___ SUPPLIED DATA

lemma three_point_pgf_fbar:
  assumes tri: "three_point D k" and "mean_D D = \<mu>"
  shows "f_D D r = three_point_pgf \<mu> k (pmf D (Suc k)) r"
    and "fbar_D D r = three_point_fbar \<mu> k (pmf D (Suc k)) r"
proof -
  have k: "k \<ge> 1" "pmf D 0 + pmf D k + pmf D (Suc k) = 1" using tri by (auto simp: three_point_def)
  have "pmf D k = mass_at_k \<mu> k (pmf D (Suc k))"
    using three_point_mean_pgf(1)[OF tri] assms(2) k(1) by (simp add: mass_at_k_def field_simps)
  moreover have "pmf D 0 = 1 - pmf D k - pmf D (Suc k)" using k(2) by simp
  ultimately show "f_D D r = three_point_pgf \<mu> k (pmf D (Suc k)) r"
    and "fbar_D D r = three_point_fbar \<mu> k (pmf D (Suc k)) r"
    unfolding three_point_pgf_def three_point_fbar_def fbar_D_def assms(2) three_point_mean_pgf[OF tri]
    by (simp_all add: algebra_simps)
qed

lemma three_point_feasible_of_law:
  assumes D: "D \<in> B_class \<mu>" "three_point D k" and \<mu>: "\<mu> > 0" and p: "0 < p" "p \<le> 1"
  shows "(pmf D (Suc k), z_Dp D p) \<in> three_point_feasible \<mu> p k"
    and "three_point_pgf \<mu> k (pmf D (Suc k)) (1 - p + p * z_Dp D p) = q_Dp D p"
proof -
  have m: "mean_D D = \<mu>" using D(1) by (simp add: B_class_def)
  have k: "k \<ge> 1" "pmf D 0 + pmf D k + pmf D (Suc k) = 1" using D(2) by (auto simp: three_point_def)
  have mean: "\<mu> = real k * pmf D k + real (Suc k) * pmf D (Suc k)"
    using three_point_mean_pgf(1)[OF D(2)] m by simp
  have "1 - pmf D 0 = pmf D k + pmf D (Suc k)" using k(2) by simp
  moreover have "\<mu> - pmf D (Suc k) = real k * (pmf D k + pmf D (Suc k))"
    using mean by (simp add: algebra_simps)
  ultimately have "\<mu> - pmf D (Suc k) = real k * (1 - pmf D 0)" by simp
  then have "\<mu> - real k \<le> pmf D (Suc k)" using mult_left_le[of "1 - pmf D 0" "real k"] by simp
  moreover have "real (Suc k) * pmf D (Suc k) \<le> \<mu>" using mean by simp
  moreover note z = z_Dp_bounds[OF three_point_integrable[OF D(2)] _ p, unfolded m, OF \<mu>]
  ultimately show "(pmf D (Suc k), z_Dp D p) \<in> three_point_feasible \<mu> p k"
    using three_point_pgf_fbar(2)[OF D(2) m] by (simp add: three_point_feasible_def gbar_Dp_def)
  show "three_point_pgf \<mu> k (pmf D (Suc k)) (1 - p + p * z_Dp D p) = q_Dp D p"
    unfolding q_Dp_def g_Dp_def three_point_pgf_fbar(1)[OF D(2) m] ..
qed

______

TASK DESCRIPTION:
Locate the lines above that contain "moreover" and copy them.

OUTPUT FOR THIS TASK:
  moreover have "pmf D 0 = 1 - pmf D k - pmf D (Suc k)" using k(2) by simp
  moreover have "\<mu> - pmf D (Suc k) = real k * (pmf D k + pmf D (Suc k))"
  moreover have "real (Suc k) * pmf D (Suc k) \<le> \<mu>" using mean by simp
  moreover note z = z_Dp_bounds[OF three_point_integrable[OF D(2)] _ p, unfolded m, OF \<mu>]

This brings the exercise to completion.